A few minutes later, a phone rang. The second young woman lifted her palm to her ear. When she finished, she explained, "That was my mobile phone. I have a microchip in my hand."

The older woman felt very low tech. Not to be out done, she decided she had to do something just as impressive. She stepped outside of the sauna and went to the bathroom. She returned with a piece of toilet paper hanging from her rear end. The others raised their eyebrows and stared at her. The older woman finally said....


"Well will you look at that, I'm getting a fax!"

:lol2: :lol2: :lol2: :sidesplit: :sidesplit: :sidesplit:

LOL!!!!!!

:sidesplit: :sidesplit: :sidesplit:

I get thoses faxes every so often:D

I Found Nemo
04-02-2007, 02:24 PM
:D :sidesplit: :sidesplit: :sidesplit: AND THEY SAY I"M NUTS!!!!!!!!!!!!!!!!!!

MaxJack'sMom
04-02-2007, 06:50 PM
Love it!!!! We need a joke every Monday to take care of the rest of week that drives us all nuts (at least I'm nuts all week long).

MaxJack'sMom
04-02-2007, 06:52 PM
Here's my short joke of the week:

A man walks into a bar.....

Ouch!!!!

ladyjazz
04-03-2007, 04:42 AM
THREE WOMEN IN A SAUNA

Three women, two younger, and one senior citizen were sitting naked in a sauna.
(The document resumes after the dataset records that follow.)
(* Let $c_1<0$, $c_2,c_3\in\mathbb{R}$ and define $p(a,x)=c_1a+c_2x+c_3$ for $a\in\{0,1\}$, $x\in\mathbb{R}$. Consider two patient classes $i=1,2$: in class $i$ the feature $x$ is distributed as $\mathcal N(\mu_i,\sigma_i^2)$ with density $f_i$, and for weeks $h=1,\dots,4$ there are numbers $\alpha_i^h$ (the proportion of class-$i$ readmissions occurring in week $h$) such that the class-$i$ week-$h$ readmission risk is $p_i^h(a,x)=\alpha_i^h\,p(a,x)$. (i) For each $i$, $p_i^h(a,x)=c^h_{1,i}a+c^h_{2,i}x+c^h_{3,i}$ with $c^h_{j,i}=\alpha_i^hc_j$, $j=1,2,3$. (ii) Let the population be a mixture of the two classes with probabilities $q_1,q_2\in(0,1)$, $q_1+q_2=1$, and define the mixture week-$h$ risk $p^h(a,x)=\sum_{i=1}^2\frac{q_if_i(x)}{q_1f_1(x)+q_2f_2(x)}\,p_i^h(a,x)$. If $\alpha_1^h\neq\alpha_2^h$ and the feature distributions of the two classes are different, then $p^h(a,x)$ is not a linear (affine) function of $(a,x)$. *)

theory Defs
  imports "HOL-Probability.Probability"
begin

definition base_risk :: "real \<Rightarrow> real \<Rightarrow> real \<Rightarrow> real \<Rightarrow> real \<Rightarrow> real" where
  "base_risk c1 c2 c3 a x = c1 * a + c2 * x + c3"

definition class_risk ::
  "(nat \<Rightarrow> nat \<Rightarrow> real) \<Rightarrow> nat \<Rightarrow> nat \<Rightarrow> real \<Rightarrow> real \<Rightarrow> real \<Rightarrow> real \<Rightarrow> real \<Rightarrow> real" where
  "class_risk \<alpha> i h c1 c2 c3 a x = \<alpha> i h * base_risk c1 c2 c3 a x"

definition mix_risk ::
  "(nat \<Rightarrow> real) \<Rightarrow> (nat \<Rightarrow> real) \<Rightarrow> (nat \<Rightarrow> real) \<Rightarrow> (nat \<Rightarrow> nat \<Rightarrow> real) \<Rightarrow> nat
     \<Rightarrow> real \<Rightarrow> real \<Rightarrow> real \<Rightarrow> real \<Rightarrow> real \<Rightarrow> real" where
  "mix_risk q \<mu> \<sigma> \<alpha> h c1 c2 c3 a x =
     (\<Sum>i\<in>{1,2}. q i * normal_density (\<mu> i) (\<sigma> i) x
                  / (\<Sum>j\<in>{1,2}. q j * normal_density (\<mu> j) (\<sigma> j) x)
                  * class_risk \<alpha> i h c1 c2 c3 a x)"

end

theory Submission
  imports Defs
begin

text \<open>
  The mixture risk is the base risk times the posterior-weighted average
  \<open>\<alpha>\<^sub>2 + (\<alpha>\<^sub>1 - \<alpha>\<^sub>2) \<pi>\<^sub>1(x)\<close> of the class factors, where \<open>\<pi>\<^sub>1\<close> is the posterior probability of
  class 1. Since \<open>c\<^sub>1 \<noteq> 0\<close>, the coefficient of \<open>a\<close> in an affine mixture risk is
  that weight times \<open>c\<^sub>1\<close>, so the weight, and with \<open>\<alpha>\<^sub>1 \<noteq> \<alpha>\<^sub>2\<close> the posterior, would
  be constant in \<open>x\<close>. Then \<open>f\<^sub>1/f\<^sub>2\<close> is constant, i.e. the difference of the two
  Gaussian exponents is constant, a polynomial identity in \<open>x\<close> that forces equal
  means and variances.
\<close>

definition class_posterior :: "(nat \<Rightarrow> real) \<Rightarrow> (nat \<Rightarrow> real) \<Rightarrow> (nat \<Rightarrow> real) \<Rightarrow> nat \<Rightarrow> real \<Rightarrow> real"
  where "class_posterior q \<mu> \<sigma> i x =
    q i * normal_density (\<mu> i) (\<sigma> i) x / (\<Sum>j\<in>{1,2}. q j * normal_density (\<mu> j) (\<sigma> j) x)"

lemma normal_density_eq_times_exp:
  "normal_density \<mu> \<sigma> x = normal_density \<mu> \<sigma> 0 * exp ((2 * \<mu> * x - x\<^sup>2) / (2 * \<sigma>\<^sup>2))"
proof -
  have "-(x - \<mu>)\<^sup>2 / (2 * \<sigma>\<^sup>2) = -(0 - \<mu>)\<^sup>2 / (2 * \<sigma>\<^sup>2) + (2 * \<mu> * x - x\<^sup>2) / (2 * \<sigma>\<^sup>2)"
    by (simp add: add_divide_distrib [symmetric] power2_eq_square algebra_simps)
  then have "exp (-(x - \<mu>)\<^sup>2 / (2 * \<sigma>\<^sup>2))
      = exp (-(0 - \<mu>)\<^sup>2 / (2 * \<sigma>\<^sup>2)) * exp ((2 * \<mu> * x - x\<^sup>2) / (2 * \<sigma>\<^sup>2))"
    by (simp only: exp_add [symmetric])
  then show ?thesis
    by (simp only: normal_density_def mult.assoc)
qed

lemma normal_density_proportional_imp_eq:
  assumes "\<sigma>\<^sub>1 > 0" and "\<sigma>\<^sub>2 > 0"
    and proportional: "\<And>x. normal_density \<mu>\<^sub>1 \<sigma>\<^sub>1 x * normal_density \<mu>\<^sub>2 \<sigma>\<^sub>2 0
                          = normal_density \<mu>\<^sub>1 \<sigma>\<^sub>1 0 * normal_density \<mu>\<^sub>2 \<sigma>\<^sub>2 x"
  shows "\<mu>\<^sub>1 = \<mu>\<^sub>2 \<and> \<sigma>\<^sub>1 = \<sigma>\<^sub>2"
proof -
  define t\<^sub>1 t\<^sub>2 where "t\<^sub>1 = 2 * \<sigma>\<^sub>1\<^sup>2" and "t\<^sub>2 = 2 * \<sigma>\<^sub>2\<^sup>2"
  have t_pos: "t\<^sub>1 > 0" "t\<^sub>2 > 0"
    using assms(1,2) by (simp_all add: t\<^sub>1_def t\<^sub>2_def)
  have exponents: "(2 * \<mu>\<^sub>1 * x - x\<^sup>2) / t\<^sub>1 = (2 * \<mu>\<^sub>2 * x - x\<^sup>2) / t\<^sub>2" for x
  proof -
    let ?c = "normal_density \<mu>\<^sub>1 \<sigma>\<^sub>1 0 * normal_density \<mu>\<^sub>2 \<sigma>\<^sub>2 0"
    have "?c > 0"
      using assms(1,2) by (simp add: normal_density_pos)
    moreover have "?c * exp ((2 * \<mu>\<^sub>1 * x - x\<^sup>2) / t\<^sub>1) = ?c * exp ((2 * \<mu>\<^sub>2 * x - x\<^sup>2) / t\<^sub>2)"
      using proportional[of x]
      by (simp only: normal_density_eq_times_exp [of \<mu>\<^sub>1 \<sigma>\<^sub>1 x] normal_density_eq_times_exp [of \<mu>\<^sub>2 \<sigma>\<^sub>2 x]
          t\<^sub>1_def t\<^sub>2_def mult_ac)
    ultimately show ?thesis
      by auto
  qed
  have "(2 * \<mu>\<^sub>1 - 1) * t\<^sub>2 = (2 * \<mu>\<^sub>2 - 1) * t\<^sub>1" "(- 2 * \<mu>\<^sub>1 - 1) * t\<^sub>2 = (- 2 * \<mu>\<^sub>2 - 1) * t\<^sub>1"
    using exponents[of 1] exponents[of "-1"] t_pos by (simp_all add: field_simps)
  then have "t\<^sub>1 = t\<^sub>2" and "\<mu>\<^sub>1 * t\<^sub>2 = \<mu>\<^sub>2 * t\<^sub>1"
    by (simp_all add: algebra_simps)
  with t_pos assms(1,2) show ?thesis
    by (simp add: t\<^sub>1_def t\<^sub>2_def)
qed

lemma class_posterior_sum_eq_1:
  assumes "\<sigma> 1 > 0" and "\<sigma> 2 > 0" and "q 1 > 0" and "q 2 > 0"
  shows "class_posterior q \<mu> \<sigma> 1 x + class_posterior q \<mu> \<sigma> 2 x = 1"
proof -
  have "q 1 * normal_density (\<mu> 1) (\<sigma> 1) x + q 2 * normal_density (\<mu> 2) (\<sigma> 2) x > 0"
    using assms by (simp add: normal_density_pos add_pos_pos)
  then show ?thesis
    by (simp add: class_posterior_def add_divide_distrib [symmetric])
qed

lemma mix_risk_eq_posterior_weight:
  assumes "\<sigma> 1 > 0" and "\<sigma> 2 > 0" and "q 1 > 0" and "q 2 > 0"
  shows "mix_risk q \<mu> \<sigma> \<alpha> h c1 c2 c3 a x
     = (\<alpha> 2 h + (\<alpha> 1 h - \<alpha> 2 h) * class_posterior q \<mu> \<sigma> 1 x) * base_risk c1 c2 c3 a x"
proof -
  have posterior_2: "class_posterior q \<mu> \<sigma> 2 x = 1 - class_posterior q \<mu> \<sigma> 1 x"
    using class_posterior_sum_eq_1 [OF assms, of \<mu> x] by linarith
  have "mix_risk q \<mu> \<sigma> \<alpha> h c1 c2 c3 a x
      = (class_posterior q \<mu> \<sigma> 1 x * \<alpha> 1 h + class_posterior q \<mu> \<sigma> 2 x * \<alpha> 2 h) * base_risk c1 c2 c3 a x"
    by (simp add: mix_risk_def class_posterior_def class_risk_def algebra_simps)
  then show ?thesis
    unfolding posterior_2 by (simp add: algebra_simps)
qed

lemma mixture_weight_eq_imp_cross_eq:
  fixes p q u v u' v' :: real
  assumes "p > 0" and "q > 0" and "u > 0" and "v > 0" and "u' > 0" and "v' > 0"
    and "p * u / (p * u + q * v) = p * u' / (p * u' + q * v')"
  shows "u * v' = u' * v"
proof -
  have "p * u + q * v > 0" and "p * u' + q * v' > 0"
    using assms(1-6) by (simp_all add: add_pos_pos)
  with assms(7) have "p * u * (p * u' + q * v') = p * u' * (p * u + q * v)"
    by (simp add: frac_eq_eq)
  then have "(p * q) * (u * v') = (p * q) * (u' * v)"
    by (simp add: algebra_simps)
  with assms(1,2) show ?thesis
    by simp
qed

lemma class_posterior_eq_imp_proportional:
  assumes "\<sigma> 1 > 0" and "\<sigma> 2 > 0" and "q 1 > 0" and "q 2 > 0"
    and "class_posterior q \<mu> \<sigma> 1 x = class_posterior q \<mu> \<sigma> 1 y"
  shows "normal_density (\<mu> 1) (\<sigma> 1) x * normal_density (\<mu> 2) (\<sigma> 2) y
       = normal_density (\<mu> 1) (\<sigma> 1) y * normal_density (\<mu> 2) (\<sigma> 2) x"
  using assms(5) mixture_weight_eq_imp_cross_eq [OF assms(3,4)] assms(1,2)
  by (simp add: class_posterior_def normal_density_pos)

lemma affine_in_treatment_imp_constant_factor:
  fixes W :: "real \<Rightarrow> real"
  assumes "c1 \<noteq> 0"
    and affine: "\<forall>a\<in>{0,1}. \<forall>x. W x * base_risk c1 c2 c3 a x = b1 * a + b2 * x + b3"
  shows "W x = W y"
proof -
  have "W z * c1 = b1" for z
    using affine by (force simp: base_risk_def algebra_simps)
  then show ?thesis
    using assms(1) by (metis mult_right_cancel)
qed

theorem proposition2:
  fixes c1 c2 c3 :: real and q \<mu> \<sigma> :: "nat \<Rightarrow> real" and \<alpha> :: "nat \<Rightarrow> nat \<Rightarrow> real"
  assumes "c1 < 0"
    and "\<sigma> 1 > 0" and "\<sigma> 2 > 0"
    and "0 < q 1" and "q 1 < 1" and "0 < q 2" and "q 2 < 1" and "q 1 + q 2 = 1"
  shows "(\<forall>i\<in>{1,2}. \<forall>h\<in>{1..4}. \<forall>a\<in>{0,1}. \<forall>x.
            class_risk \<alpha> i h c1 c2 c3 a x = (\<alpha> i h * c1) * a + (\<alpha> i h * c2) * x + \<alpha> i h * c3)
       \<and> (\<forall>h\<in>{1..4}. \<alpha> 1 h \<noteq> \<alpha> 2 h \<and> (\<mu> 1, \<sigma> 1) \<noteq> (\<mu> 2, \<sigma> 2) \<longrightarrow>
            \<not> (\<exists>b1 b2 b3. \<forall>a\<in>{0,1}. \<forall>x.
                  mix_risk q \<mu> \<sigma> \<alpha> h c1 c2 c3 a x = b1 * a + b2 * x + b3))"
proof (intro conjI ballI allI impI notI)
  fix i h a x
  show "class_risk \<alpha> i h c1 c2 c3 a x = (\<alpha> i h * c1) * a + (\<alpha> i h * c2) * x + \<alpha> i h * c3"
    by (simp add: class_risk_def base_risk_def algebra_simps)
next
  fix h
  assume distinct: "\<alpha> 1 h \<noteq> \<alpha> 2 h \<and> (\<mu> 1, \<sigma> 1) \<noteq> (\<mu> 2, \<sigma> 2)"
    and "\<exists>b1 b2 b3. \<forall>a\<in>{0,1}. \<forall>x. mix_risk q \<mu> \<sigma> \<alpha> h c1 c2 c3 a x = b1 * a + b2 * x + b3"
  then obtain b1 b2 b3
    where affine: "\<forall>a\<in>{0,1}. \<forall>x. mix_risk q \<mu> \<sigma> \<alpha> h c1 c2 c3 a x = b1 * a + b2 * x + b3"
    by blast
  define \<pi> where "\<pi> = class_posterior q \<mu> \<sigma> 1"
  have "\<forall>a\<in>{0,1}. \<forall>x. (\<alpha> 2 h + (\<alpha> 1 h - \<alpha> 2 h) * \<pi> x) * base_risk c1 c2 c3 a x = b1 * a + b2 * x + b3"
    using affine by (simp only: mix_risk_eq_posterior_weight [OF assms(2,3,4,6)] \<pi>_def)
  then have "\<alpha> 2 h + (\<alpha> 1 h - \<alpha> 2 h) * \<pi> x = \<alpha> 2 h + (\<alpha> 1 h - \<alpha> 2 h) * \<pi> 0" for x
    using assms(1) by (intro affine_in_treatment_imp_constant_factor [of c1]) simp_all
  with distinct have "\<pi> x = \<pi> 0" for x
    by simp
  then have "normal_density (\<mu> 1) (\<sigma> 1) x * normal_density (\<mu> 2) (\<sigma> 2) 0
           = normal_density (\<mu> 1) (\<sigma> 1) 0 * normal_density (\<mu> 2) (\<sigma> 2) x" for x
    using class_posterior_eq_imp_proportional assms(2,3,4,6) by (simp add: \<pi>_def)
  with normal_density_proportional_imp_eq[OF assms(2,3)] distinct show False
    by blast
qed

end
Suddenly there was a beeping sound. The young woman pressed her forearm and the beep stopped. The others looked at her puzzled.

"That was my pager," she said. "I have a microchip under the skin of my arm."

A few minutes later, a phone rang. The second young woman lifted her palm to her ear. When she finished, she explained, "That was my mobile phone. I have a microchip in my hand."

The older woman felt very low tech. Not to be out done, she decided she had to do something just as impressive. She stepped outside of the sauna and went to the bathroom. She returned with a piece of toilet paper hanging from her rear end. The others raised their eyebrows and stared at her. The older woman finally said....


"Well will you look at that, I'm getting a fax!"







:lol2: :lol2: :lol2: :sidesplit: :sidesplit: :sidesplit:


Oh my gosh that joke made my day yesterday!! I was dying laughing.lol

ladyjazz
04-03-2007, 04:43 AM
Okay, here's mine..... :D







Glad to be drunk


A completely inebriated man was stumbling down the street with one foot on the curb and one foot in the gutter. A cop pulled up and said, "I've got to take you in, pal. You're obviously drunk."

Our wasted friend asked, "Officer, are ya absolutely sure I'm drunk?"

"Yeah, buddy, I'm sure," said the copper. "Let's go."

Breathing a sigh of relief, the wino said, "Thank goodness, I thought I was crippled


CHEERS!!!!:2party:


(I'm very sorry if I've offended anyone, this is not my intention, Admin may delete if needed)

Hahahaha too funny!! Where did you find this joke! I love it!